*WORK TO BE COMPLETED:*
Would you return, word for word, the lines of the data below from the line with "imports Defs" through the line with "As u_e is also", and no others?

*STUDY MATERIAL:*
▬▬▬▬▬▬▬▬▬▬

(* Consider the control-affine system $\dot x = f(x) + g(x)u$ with $f,g$ Lipschitz and $\mathcal{C}^{m-1}$, state set $\mathcal{X}\subset\mathbb{R}^{n_x}$ compact, control set $\mathcal{U}\subset\mathbb{R}^{n_u}$ compact, and a $\mathcal{C}^m$ function $h$ of relative degree $m$. Assume (Assumption 1): the set $\mathcal{X}_e = \{x_e : \exists u_e \in \mathcal{U},\ 0 = f(x_e) + g(x_e)u_e\}$ is closed, convex and known, and $g(x_e)$ has full column rank for every $x_e \in \mathcal{X}_e$. Let $P_{\mathcal{X}_e}(x) = \arg\min\{\|x - x'\|_2 : x' \in \mathcal{X}_e\}$ and $\zeta(x_e) = -g(x_e)^\dagger f(x_e)$. With $\Gamma_i$, $\psi_i$, $a(x)$, $b(x)$ as in the context, let $c(x)$ be a vector orthogonal to $a(x)$ and continuous in $x$, let $d:\mathbb{R}\times\mathbb{R}\to\mathbb{R}$ be continuous with $d(0,0) > 0$, let $u_n$ be a nominal controller, and let $\pi'(x)$ be a minimizer of $\|u - u_n(x)\|_2^2$ over $u \in \mathcal{U}$ subject to $$a(x)^\top u \ge b(x), \qquad c(x)^\top\big[u - \zeta(P_{\mathcal{X}_e}(x))\big] \ge d\big(h(x), \|x - P_{\mathcal{X}_e}(x)\|_2\big).$$ Assume this problem is feasible for each $x \in \mathcal{X}$ and $\pi'(x) \notin \partial\mathcal{U}$. If the system controlled by $\pi'$ is at an equilibrium $(x_e,u_e)$, i.e. $u_e = \pi'(x_e)$ and $0 = f(x_e) + g(x_e)u_e$, then either (i) $u_n(x_e) = u_e$, or (ii) $d(h(x_e),0) = 0$ and $u_n(x_e) = \zeta(x_e) - \rho\, c(x_e)$ for some $\rho \ge 0$.
   Context: $h$ has relative degree $m$ means $L_g L_f^{i} h \equiv 0$ for $i = 0,\dots,m-2$. Let $\Gamma_1,\dots,\Gamma_m$ be class $\mathcal{K}$ functions (continuous, strictly increasing, zero at zero) with $\Gamma_i \in \mathcal{C}^{m-i}$; $\psi_0 = h$, $\psi_i = \dot\psi_{i-1} + \Gamma_i(\psi_{i-1})$ for $i = 1,\dots,m-1$ (time derivatives along the system); $a(x) = (L_g L_f^{m-1} h(x))^\top$ and $b(x) = -L_f^m h(x) - \sum_{i=0}^{m-1} L_f^i(\Gamma_{m-i}\circ\psi_{m-i-1})(x)$. $g^\dagger$ denotes the Moore–Penrose pseudoinverse and $\partial\mathcal{U}$ the boundary of $\mathcal{U}$. *)

theory Defs
  imports "HOL-Analysis.Analysis"
begin

fun ck :: "nat \<Rightarrow> ('a::real_normed_vector \<Rightarrow> 'b::real_normed_vector) \<Rightarrow> bool" where
  "ck 0 F \<longleftrightarrow> continuous_on UNIV F"
| "ck (Suc k) F \<longleftrightarrow> (\<forall>x. F differentiable (at x)) \<and>
      (\<forall>v. ck k (\<lambda>x. frechet_derivative F (at x) v))"

definition lie :: "(real^'n \<Rightarrow> real^'n) \<Rightarrow> (real^'n \<Rightarrow> real) \<Rightarrow> real^'n \<Rightarrow> real" where
  "lie F phi x = frechet_derivative phi (at x) (F x)"

definition lie_iter :: "(real^'n \<Rightarrow> real^'n) \<Rightarrow> nat \<Rightarrow> (real^'n \<Rightarrow> real) \<Rightarrow> real^'n \<Rightarrow> real" where
  "lie_iter F i phi = ((lie F) ^^ i) phi"

text \<open>L_g phi for the input matrix g (columns g_j): the row vector (L_{g_j} phi)_j,
  stored as a vector in real^'m (i.e. already transposed).\<close>
definition lie_g :: "(real^'n \<Rightarrow> real^'m^'n) \<Rightarrow> (real^'n \<Rightarrow> real) \<Rightarrow> real^'n \<Rightarrow> real^'m" where
  "lie_g g phi x = (\<chi> j. lie (\<lambda>y. column j (g y)) phi x)"

text \<open>psi_0 = h, psi_i = d/dt psi_{i-1} + Gamma_i(psi_{i-1}); the time derivative along the
  system of psi_{i-1} (i <= m-1) is L_f psi_{i-1}, as L_g psi_{i-1} = 0 by relative degree.\<close>
fun psi :: "(real^'n \<Rightarrow> real^'n) \<Rightarrow> (nat \<Rightarrow> real \<Rightarrow> real) \<Rightarrow> (real^'n \<Rightarrow> real) \<Rightarrow> nat \<Rightarrow> real^'n \<Rightarrow> real" where
  "psi f \<Gamma> h 0 = h"
| "psi f \<Gamma> h (Suc i) = (\<lambda>x. lie f (psi f \<Gamma> h i) x + \<Gamma> (Suc i) (psi f \<Gamma> h i x))"

definition acoef :: "(real^'n \<Rightarrow> real^'n) \<Rightarrow> (real^'n \<Rightarrow> real^'m^'n) \<Rightarrow> (real^'n \<Rightarrow> real) \<Rightarrow> nat \<Rightarrow> real^'n \<Rightarrow> real^'m" where
  "acoef f g h m x = lie_g g (lie_iter f (m - 1) h) x"

definition bcoef :: "(real^'n \<Rightarrow> real^'n) \<Rightarrow> (nat \<Rightarrow> real \<Rightarrow> real) \<Rightarrow> (real^'n \<Rightarrow> real) \<Rightarrow> nat \<Rightarrow> real^'n \<Rightarrow> real" where
  "bcoef f \<Gamma> h m x = - lie_iter f m h x
     - (\<Sum>i<m. lie_iter f i (\<lambda>y. \<Gamma> (m - i) (psi f \<Gamma> h (m - i - 1) y)) x)"

definition pinv :: "real^'m^'n \<Rightarrow> real^'n^'m" where
  "pinv A = (THE B. A ** B ** A = A \<and> B ** A ** B = B \<and>
                     transpose (A ** B) = A ** B \<and> transpose (B ** A) = B ** A)"

definition class_K :: "(real \<Rightarrow> real) \<Rightarrow> bool" where
  "class_K G \<longleftrightarrow> continuous_on UNIV G \<and> strict_mono G \<and> G 0 = 0"

end

theory Submission
  imports Defs
begin

(* At an equilibrium x_e the state lies in X_e, so P_{X_e}(x_e) = x_e and, g(x_e) having full
   column rank, zeta(x_e) = u_e. The second constraint then reads 0 >= d(h(x_e), 0), so
   h(x_e) /= 0 because d(0,0) > 0.
   At an equilibrium L_f phi(x_e) = - L_g phi(x_e) u_e, so the Lie derivative along f of any
   function annihilated by L_g vanishes at x_e. Through the relative-degree structure this
   collapses a(x_e)^T u_e - b(x_e) to Gamma_m(psi_{m-1}(x_e)) and psi_{i+1}(x_e) to
   Gamma_{i+1}(psi_i(x_e)); class K functions vanish only at 0, so the CBF constraint is
   inactive at u_e.
   As u_e is also interior to U, only the half-space constraint c(x_e)^T (u - u_e) >= d(h(x_e), 0)
   can be active, and the first-order condition for u_e as nearest feasible point to u_n(x_e)
   yields (i) or (ii). *)

section \<open>Smoothness classes and Lie derivatives\<close>

lemma frechet_derivative_add:
  assumes "u differentiable (at x)" "w differentiable (at x)"
  shows "frechet_derivative (\<lambda>x. u x + w x) (at x) =
         (\<lambda>v. frechet_derivative u (at x) v + frechet_derivative w (at x) v)"
  using assms by (intro frechet_derivative_at[symmetric] has_derivative_add)
    (simp_all add: frechet_derivative_works)

lemma frechet_derivative_mult:
  fixes u w :: "'a::real_normed_vector \<Rightarrow> real"
  assumes "u differentiable (at x)" "w differentiable (at x)"
  shows "frechet_derivative (\<lambda>x. u x * w x) (at x) =
         (\<lambda>v. u x * frechet_derivative w (at x) v + frechet_derivative u (at x) v * w x)"
  using assms by (intro frechet_derivative_at[symmetric] has_derivative_mult)
    (simp_all add: frechet_derivative_works)

lemma frechet_derivative_vec_nth:
  fixes u :: "'a::real_normed_vector \<Rightarrow> real^'n"
  assumes "u differentiable (at x)"
  shows "frechet_derivative (\<lambda>x. u x $ i) (at x) = (\<lambda>v. frechet_derivative u (at x) v $ i)"
  using assms
  by (intro frechet_derivative_at[symmetric] bounded_linear.has_derivative[OF bounded_linear_vec_nth])
    (simp add: frechet_derivative_works)

lemma differentiable_vec_nth:
  fixes u :: "'a::real_normed_vector \<Rightarrow> real^'n"
  shows "u differentiable F \<Longrightarrow> (\<lambda>x. u x $ i) differentiable F"
  unfolding differentiable_def
  using bounded_linear.has_derivative[OF bounded_linear_vec_nth] by blast

lemma ck_SucD: "ck (Suc k) F \<Longrightarrow> ck k F"
proof (induction k arbitrary: F)
  case 0
  then show ?case
    by (auto intro!: differentiable_imp_continuous_on
        simp: differentiable_on_def differentiable_at_withinI)
next
  case (Suc k)
  then show ?case by auto
qed

lemma ck_le: "ck k F \<Longrightarrow> j \<le> k \<Longrightarrow> ck j F"
  by (induction k) (auto simp del: ck.simps dest: ck_SucD simp: le_Suc_eq)

lemma ck_const: "ck k (\<lambda>x::'a::real_normed_vector. c::'b::real_normed_vector)"
  by (induction k arbitrary: c) simp_all

lemma ck_add:
  fixes u w :: "'a::real_normed_vector \<Rightarrow> 'b::real_normed_vector"
  shows "ck k u \<Longrightarrow> ck k w \<Longrightarrow> ck k (\<lambda>x. u x + w x)"
  by (induction k arbitrary: u w) (simp_all add: continuous_on_add frechet_derivative_add)

lemma ck_sum:
  fixes u :: "'i \<Rightarrow> 'a::real_normed_vector \<Rightarrow> 'b::real_normed_vector"
  assumes "finite S" "\<And>i. i \<in> S \<Longrightarrow> ck k (u i)"
  shows "ck k (\<lambda>x. \<Sum>i\<in>S. u i x)"
  using assms by (induction S rule: finite_induct) (simp_all add: ck_const ck_add)

lemma ck_mult:
  fixes u w :: "'a::real_normed_vector \<Rightarrow> real"
  shows "ck k u \<Longrightarrow> ck k w \<Longrightarrow> ck k (\<lambda>x. u x * w x)"
proof (induction k arbitrary: u w)
  case 0
  then show ?case by (simp add: continuous_on_mult)
next
  case (Suc k)
  have "ck k (\<lambda>x. u x * frechet_derivative w (at x) v + frechet_derivative u (at x) v * w x)"
    for v using Suc.prems ck_SucD[OF Suc.prems(1)] ck_SucD[OF Suc.prems(2)]
    by (intro ck_add Suc.IH) auto
  with Suc.prems show ?case by (simp add: frechet_derivative_mult)
qed

lemma ck_vec_nth:
  fixes u :: "'a::real_normed_vector \<Rightarrow> real^'n"
  shows "ck k u \<Longrightarrow> ck k (\<lambda>x. u x $ i)"
  by (induction k arbitrary: u)
    (simp_all add: continuous_on_component frechet_derivative_vec_nth differentiable_vec_nth)

lemma ck_lie:
  assumes "ck k f" "ck (Suc k) \<phi>"
  shows "ck k (lie f \<phi>)"
proof -
  have "lie f \<phi> x = (\<Sum>i\<in>UNIV. f x $ i * frechet_derivative \<phi> (at x) (axis i 1))" for x
  proof -
    have "linear (frechet_derivative \<phi> (at x))"
      using assms(2) by (simp add: frechet_derivative_works) (blast intro: has_derivative_linear)
    then have "frechet_derivative \<phi> (at x) (\<Sum>i\<in>UNIV. f x $ i *\<^sub>R axis i 1) =
        (\<Sum>i\<in>UNIV. f x $ i * frechet_derivative \<phi> (at x) (axis i 1))"
      by (simp add: linear_sum linear_scale)
    then show ?thesis
      unfolding lie_def by (simp add: basis_expansion[of "f x", unfolded scalar_mult_eq_scaleR])
  qed
  moreover have "ck k (\<lambda>x. \<Sum>i\<in>UNIV. f x $ i * frechet_derivative \<phi> (at x) (axis i 1))"
    using assms by (intro ck_sum ck_mult ck_vec_nth) auto
  ultimately show ?thesis by presburger
qed

lemma lie_iter_0 [simp]: "lie_iter f 0 \<phi> = \<phi>"
  by (simp add: lie_iter_def)

lemma lie_iter_Suc: "lie_iter f (Suc i) \<phi> = lie f (lie_iter f i \<phi>)"
  by (simp add: lie_iter_def)

lemma lie_iter_Suc': "lie_iter f (Suc i) \<phi> = lie_iter f i (lie f \<phi>)"
  by (simp add: lie_iter_def funpow_swap1)

lemma ck_lie_iter:
  assumes "ck k f" "ck (Suc k) \<phi>" "i \<le> k"
  shows "ck (Suc k - i) (lie_iter f i \<phi>)"
  using assms(3)
proof (induction i)
  case 0
  then show ?case using assms(2) by simp
next
  case (Suc i)
  have "ck (Suc (k - i)) (lie_iter f i \<phi>)"
    using Suc by (simp add: Suc_diff_le)
  moreover have "ck (k - i) f" using assms(1) by (rule ck_le) simp
  ultimately show ?case by (simp add: lie_iter_Suc ck_lie)
qed

lemma lie_add:
  assumes "\<And>x. u differentiable (at x)" "\<And>x. w differentiable (at x)"
  shows "lie F (\<lambda>x. u x + w x) = (\<lambda>x. lie F u x + lie F w x)"
  using assms by (simp add: lie_def frechet_derivative_add fun_eq_iff)

lemma lie_mult:
  assumes "\<And>x. u differentiable (at x)" "\<And>x. w differentiable (at x)"
  shows "lie F (\<lambda>x. u x * w x) = (\<lambda>x. u x * lie F w x + lie F u x * w x)"
  using assms by (simp add: lie_def frechet_derivative_mult fun_eq_iff)

lemma lie_compose:
  fixes \<Gamma> :: "real \<Rightarrow> real"
  assumes "\<And>s. \<Gamma> differentiable (at s)" "\<And>x. \<phi> differentiable (at x)"
  shows "lie F (\<lambda>x. \<Gamma> (\<phi> x)) = (\<lambda>x. frechet_derivative \<Gamma> (at (\<phi> x)) 1 * lie F \<phi> x)"
proof
  fix x
  have lin: "linear (frechet_derivative \<Gamma> (at (\<phi> x)))"
    using assms(1) by (simp add: frechet_derivative_works) (blast intro: has_derivative_linear)
  have scale: "frechet_derivative \<Gamma> (at (\<phi> x)) t = t * frechet_derivative \<Gamma> (at (\<phi> x)) 1"
    for t using linear_scale[OF lin, of t 1] by simp
  have "frechet_derivative (\<Gamma> \<circ> \<phi>) (at x) =
        frechet_derivative \<Gamma> (at (\<phi> x)) \<circ> frechet_derivative \<phi> (at x)"
    using assms by (intro frechet_derivative_compose)
  then show "lie F (\<lambda>x. \<Gamma> (\<phi> x)) x = frechet_derivative \<Gamma> (at (\<phi> x)) 1 * lie F \<phi> x"
    by (simp add: lie_def comp_def scale[of "frechet_derivative \<phi> (at x) (F x)"] mult.commute)
qed

lemma lie_g_eq_0_iff: "lie_g g \<phi> x = 0 \<longleftrightarrow> (\<forall>k. lie (\<lambda>y. column k (g y)) \<phi> x = 0)"
  by (simp add: lie_g_def vec_eq_iff)

section \<open>Relative degree\<close>

fun rel_deg_gt :: "(real^'n \<Rightarrow> real^'n) \<Rightarrow> (real^'n \<Rightarrow> real^'m^'n) \<Rightarrow> nat \<Rightarrow>
    (real^'n \<Rightarrow> real) \<Rightarrow> bool" where
  "rel_deg_gt f g 0 \<phi> \<longleftrightarrow> True"
| "rel_deg_gt f g (Suc r) \<phi> \<longleftrightarrow>
     (\<forall>x. \<phi> differentiable (at x) \<and> lie_g g \<phi> x = 0) \<and> rel_deg_gt f g r (lie f \<phi>)"
lemma CR0_Fun:
  assumes "CR1 A" "CR2 A" "CR0 B" "CR3 B"
  shows "CR0 (Fun A B)"
  unfolding CR0_def
proof
  assume iso_AB: "iso (Fun A B)"
  then have "iso B" by (auto elim: iso.cases)
  have ty: "typing [] (Lam A (star_tm B)) (Fun A B)"
    using \<open>iso B\<close> by (intro t_lam typing_star_tm)
  show "reducible (Fun A B) (star_tm (Fun A B))"
  proof (simp only: star_tm.simps reducible.simps, intro allI impI)
    fix u assume u: "typing [] u A" "reducible A u"
    then have "SN u" using \<open>CR1 A\<close> unfolding CR1_def by blast
    show "reducible B (App (Lam A (star_tm B)) u)"
      by (rule reducible_AppI[OF assms(2-4) ty _ _ \<open>SN u\<close> u])
        (use \<open>iso B\<close> \<open>CR0 B\<close> star_tm_normal[OF iso_AB] in \<open>auto simp: CR0_def\<close>)
  qed
qed

lemma CR1_Fun:
  assumes "CR0 A" "CR3 A" "CR1 B"
  shows "CR1 (Fun A B)"
  unfolding CR1_def
proof (intro allI impI)
  fix t assume t: "typing [] t (Fun A B)" "reducible (Fun A B) t"
  have "reducible B (App t (Free 0 A))"
    using t reducible_Free[OF assms(1,2)] t_free by simp
  then have "SN (App t (Free 0 A))"
    using \<open>CR1 B\<close> t(1) t_free unfolding CR1_def by (blast intro: t_app)
  then show "SN t" by (rule SN_context[rotated]) (rule c_appl)
qed

lemma CR2_Fun: "CR2 B \<Longrightarrow> CR2 (Fun A B)"
  unfolding CR2_def by (simp; meson c_appl t_app)

lemma CR3_Fun:
  assumes "CR1 A" "CR2 A" "CR0 B" "CR3 B"
  shows "CR3 (Fun A B)"
  unfolding CR3_def
proof (intro allI impI)
  fix t assume t: "typing [] t (Fun A B)" "neutral t"
    and reducts: "\<forall>t'. red [] t t' \<longrightarrow> reducible (Fun A B) t'"
  show "reducible (Fun A B) t"
  proof (simp only: reducible.simps, intro allI impI)
    fix u assume u: "typing [] u A" "reducible A u"
    then have "SN u" using \<open>CR1 A\<close> unfolding CR1_def by blast
    show "reducible B (App t u)"
      by (rule reducible_AppI[OF assms(2-4) t(1) _ _ \<open>SN u\<close> u])
        (use t(2) reducts in \<open>auto simp: neutral_def\<close>)
  qed
qed

lemma CR_all: "CR0 \<phi> \<and> CR1 \<phi> \<and> CR2 \<phi> \<and> CR3 \<phi>"
proof (induction \<phi>)
  case TTop
  then show ?case by (rule CR_atomic[of _ 0]) simp
next
  case (TVar a)
  then show ?case by (rule CR_atomic) simp
next
  case (Prod A B)
  then show ?case using CR0_Prod CR1_Prod CR2_Prod CR3_Prod by blast
next
  case (Fun A B)
  then show ?case using CR0_Fun CR1_Fun CR2_Fun CR3_Fun by blast
qed

theorem lemma6p2p3:
  fixes \<phi> :: ty
  shows "(iso \<phi> \<longrightarrow> reducible \<phi> (star_tm \<phi>))
       \<and> (\<forall>t. typing [] t \<phi> \<longrightarrow> reducible \<phi> t \<longrightarrow> SN t)
       \<and> (\<forall>t t'. typing [] t \<phi> \<longrightarrow> reducible \<phi> t \<longrightarrow> red [] t t' \<longrightarrow> reducible \<phi> t')
       \<and> (\<forall>t. typing [] t \<phi> \<longrightarrow> neutral t \<longrightarrow> (\<forall>t'. red [] t t' \<longrightarrow> reducible \<phi> t')
              \<longrightarrow> reducible \<phi> t)"
  using CR_all[of \<phi>] unfolding CR0_def CR1_def CR2_def CR3_def .

end
text \<open>Stone's map \<open>\<phi>\<close> embeds \<open>A\<close> into \<open>\<P>(Ul(A))\<close>, so \<open>\<phi>[B]\<close> is a Boolean subalgebra and
\<open>\<phi>(b) \<mapsto> [Q\<^sub>b]\<close> is well defined; injectivity of \<open>\<phi>\<close> is where the ultrafilter theorem
(Zorn's lemma) enters. Each \<open>[Q\<^sub>b]\<close> is the box of a Kripke relation, so it preserves
\<open>Ul(A)\<close> and intersections whatever \<open>\<Box>\<^sub>b\<close> is. Antitonicity transfers: if
\<open>\<Box>\<^sub>b\<^sub>' a \<le> \<Box>\<^sub>b a\<close> for all \<open>a\<close>, then \<open>\<Box>\<^sub>b\<^sub>'\<^sup>-\<^sup>1[u] \<subseteq> \<Box>\<^sub>b\<^sup>-\<^sup>1[u]\<close> for every ultrafilter \<open>u\<close>
because \<open>u\<close> is upward closed, hence \<open>Q\<^sub>b(u) \<subseteq> Q\<^sub>b\<^sub>'(u)\<close> and \<open>[Q\<^sub>b\<^sub>'](X) \<subseteq> [Q\<^sub>b](X)\<close>;
take \<open>b' = b\<^sub>1 \<squnion> b\<^sub>2\<close>.\<close>

lemma is_filter_top: "is_filter F \<Longrightarrow> top \<in> F"
  unfolding is_filter_def by blast

lemma is_filter_inf: "is_filter F \<Longrightarrow> a \<in> F \<Longrightarrow> c \<in> F \<Longrightarrow> inf a c \<in> F"
  unfolding is_filter_def by blast

lemma is_filter_upward: "is_filter F \<Longrightarrow> a \<in> F \<Longrightarrow> a \<le> c \<Longrightarrow> c \<in> F"
  unfolding is_filter_def by blast

lemma is_filter_adjoin:
  assumes F: "is_filter F"
  shows "is_filter {c. \<exists>x\<in>F. inf x a \<le> c}"
  unfolding is_filter_def
proof (intro conjI allI impI)
  show "top \<in> {c. \<exists>x\<in>F. inf x a \<le> c}"
    using is_filter_top[OF F] by auto
next
  fix c d assume "c \<in> {c. \<exists>x\<in>F. inf x a \<le> c} \<and> d \<in> {c. \<exists>x\<in>F. inf x a \<le> c}"
  then obtain x y where "x \<in> F" "y \<in> F" "inf x a \<le> c" "inf y a \<le> d" by auto
  moreover have "inf (inf x y) a = inf (inf x a) (inf y a)"
    by (simp add: inf_aci)
  ultimately have "inf x y \<in> F" "inf (inf x y) a \<le> inf c d"
    using is_filter_inf[OF F] inf_mono[of "inf x a" c "inf y a" d] by simp_all
  then show "inf c d \<in> {c. \<exists>x\<in>F. inf x a \<le> c}" by blast
next
  fix c d assume "c \<in> {c. \<exists>x\<in>F. inf x a \<le> c} \<and> c \<le> d"
  then show "d \<in> {c. \<exists>x\<in>F. inf x a \<le> c}" by (blast intro: order_trans)
qed
lemma quot_dim1_between_eq_top:
  assumes q: "qd1 B A" and "sub A" "sub C" "A \<subseteq> C" "C \<subseteq> B" "C \<noteq> A"
  shows "C = B"
proof -
  obtain c0 where c0: "c0 \<in> C" "c0 \<notin> A" using assms by blast
  have "w \<in> C" if w: "w \<in> B" for w
  proof -
    obtain c where "w - c \<cdot> c0 \<in> A"
      using quot_dim1_spanned[OF q \<open>sub A\<close> _ c0(2) w] c0 assms by blast
    then show "w \<in> C"
      using assms c0 subspace_diff_iff subspace_scale by blast
  qed
  then show ?thesis using assms by blast
qed

lemma quot_dim1_between_eq_bot:
  "qd1 B A \<Longrightarrow> sub A \<Longrightarrow> sub C \<Longrightarrow> A \<subseteq> C \<Longrightarrow> C \<subseteq> B \<Longrightarrow> C \<noteq> B \<Longrightarrow> C = A"
  using quot_dim1_between_eq_top by blast

definition span_insert :: "'v set \<Rightarrow> 'v \<Rightarrow> 'v set" where
  "span_insert M v = {m + c \<cdot> v | m c. m \<in> M}"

▬▬▬▬▬▬▬▬▬▬

*RESPONSE:*
  imports Defs
begin

(* At an equilibrium x_e the state lies in X_e, so P_{X_e}(x_e) = x_e and, g(x_e) having full
   column rank, zeta(x_e) = u_e. The second constraint then reads 0 >= d(h(x_e), 0), so
   h(x_e) /= 0 because d(0,0) > 0.
   At an equilibrium L_f phi(x_e) = - L_g phi(x_e) u_e, so the Lie derivative along f of any
   function annihilated by L_g vanishes at x_e. Through the relative-degree structure this
   collapses a(x_e)^T u_e - b(x_e) to Gamma_m(psi_{m-1}(x_e)) and psi_{i+1}(x_e) to
   Gamma_{i+1}(psi_i(x_e)); class K functions vanish only at 0, so the CBF constraint is
   inactive at u_e.
   As u_e is also interior to U, only the half-space constraint c(x_e)^T (u - u_e) >= d(h(x_e), 0)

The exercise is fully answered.